Brazil: The World Health Organisation announced that it now considers all of Sao Paulo state at risk for yellow fever, recommending that all international visitors to the state be vaccinated. Since July 2017, 35 cases of yellow fever have been confirmed in Brazil, 20 of them in Sao Paulo state and three in Rio de Janeiro state, according to Health Ministry data. In all, 20 people have died. Yellow fever is spread by the same mosquito that transmits other tropical diseases, including Zika.
United States: A Detroit man who had lived in the US for nearly 30 years has been deported to Mexico. Jorge Garcia came to the US with his family when he was 10. He has no criminal record, pays taxes and has long sought legal status, according to his family. The 39-year-old landscaper was deported and can't return to the US for a decade. Garcia had faced an order of removal from immigration courts since 2009, but had been granted stays of removal under the Obama Administration. Garcia learned in November that he'd been scheduled to be deported as part of the Trump Administration's immigration crackdown.

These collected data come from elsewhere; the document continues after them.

(* Let $n\ge 2$, $N=\{1,\dots,n\}$, for each $i\in N$ let $A_i$ be a nonempty finite set, $A=\prod_{i\in N}A_i$, $u_i:A\to\mathbb{R}$, $u(a)=(u_i(a))_{i\in N}$. Let $V=\operatorname{co}\{u(a):a\in A\}$ and $F^*=\prod_{i\in N}\left[\min_{a\in A}u_i(a),\ \max_{a\in A}u_i(a)\right]$. (1) If $V\neq F^*$, then for all $\delta,\delta'\in(0,1]$ and $T,T'\in\mathbb{N}$ with $\delta^T<(\delta')^{T'}$, we have $F(\delta',T')\subsetneq F(\delta,T)$. (2) If $V=F^*$, then $F(\delta,T)=V$ for all $\delta\in(0,1]$ and $T\in\mathbb{N}$.
   Context: $\operatorname{co}$ denotes convex hull. For $\delta\in(0,1]$, $T\in\mathbb{N}$ and $a^{[nT]}=(a^1,\dots,a^{nT})\in A^{nT}$, extend indices by $a^s=a^{s-nT}$ for $s\ge nT+1$, set $U_i(a^{[nT]})=\frac{1}{\sum_{k=1}^{nT}\delta^{k-1}}\sum_{k=1}^{nT}\delta^{k-1}u_i(a^{(i-1)T+k})$, $U=(U_i)_{i\in N}$, and $F(\delta,T)=\operatorname{co}\left(\bigcup_{a^{[nT]}\in A^{nT}}\{U(a^{[nT]})\}\right)$. (The paper writes $F(\Delta)$ for $F(\delta,T)$ with $\Delta=\delta^T$.) *)

theory Defs
  imports "HOL-Analysis.Analysis"
begin

text \<open>Players form the finite type 'n; pos :: 'n => nat is the bijection onto {1..n}
  giving the numbering of players (player i has number pos i).\<close>

definition profiles :: "('n \<Rightarrow> 'a set) \<Rightarrow> ('n \<Rightarrow> 'a) set" where
  "profiles Act = Pi UNIV Act"

definition uvec :: "('n::finite \<Rightarrow> ('n \<Rightarrow> 'a) \<Rightarrow> real) \<Rightarrow> ('n \<Rightarrow> 'a) \<Rightarrow> real ^ 'n" where
  "uvec u a = (\<chi> i. u i a)"

text \<open>Periodic extension of indices 1..m: a^s = a^(s-m) for s >= m+1.\<close>
definition per_idx :: "nat \<Rightarrow> nat \<Rightarrow> nat" where
  "per_idx m s = (s - 1) mod m + 1"

definition Upay :: "('n::finite \<Rightarrow> nat) \<Rightarrow> ('n \<Rightarrow> ('n \<Rightarrow> 'a) \<Rightarrow> real) \<Rightarrow> real \<Rightarrow> nat
    \<Rightarrow> (nat \<Rightarrow> ('n \<Rightarrow> 'a)) \<Rightarrow> real ^ 'n" where
  "Upay pos u \<delta> T s = (\<chi> i.
     (1 / (\<Sum>k=1..CARD('n)*T. \<delta> ^ (k - 1))) *
     (\<Sum>k=1..CARD('n)*T. \<delta> ^ (k - 1) * u i (s (per_idx (CARD('n)*T) ((pos i - 1) * T + k)))))"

Russia: Even thermometers can't keep up with the plunging temperatures in Russia's remote Yakutia region, which hit -67C in some areas today. In Yakutia — a region of 1 million people about 5300km east of Moscow — school was cancelled and police ordered parents to keep their children inside. In the village of Oymyakon, one of the coldest inhabited places on earth, state-owned Russian television showed the mercury falling to the bottom of a thermometer that was only set up to measure down to -50C.
Yemen: Yemen's prime minister called on the Saudi-led coalition allied with his government to deposit US$1 billion in the central bank to save the local currency from "complete collapse". Ahmed Obeid bin Daghir called on the coalition to act "now, not tomorrow," and said saving the rial means "saving Yemenis from inevitable famine".
Venezuela: Officials confirmed today that Oscar Perez, a rebellious police officer who led a brazen helicopter attack in Caracas last year, was among those killed in a violent shootout with security forces yesterday in a small mountain community outside of the city.
Australia: A woman was forced to climb a cliff face about three storeys high to escape a sex creep at a beach near Victoria's Twelve Apostles. Police say the woman was sunbathing at Massacre Bay at Peterborough last Thursday afternoon when she saw the naked man, with a distinct horseshoe tattoo on his arm, performing a lewd act. The man began to approach her, forcing her to run away and climb up a cliff face.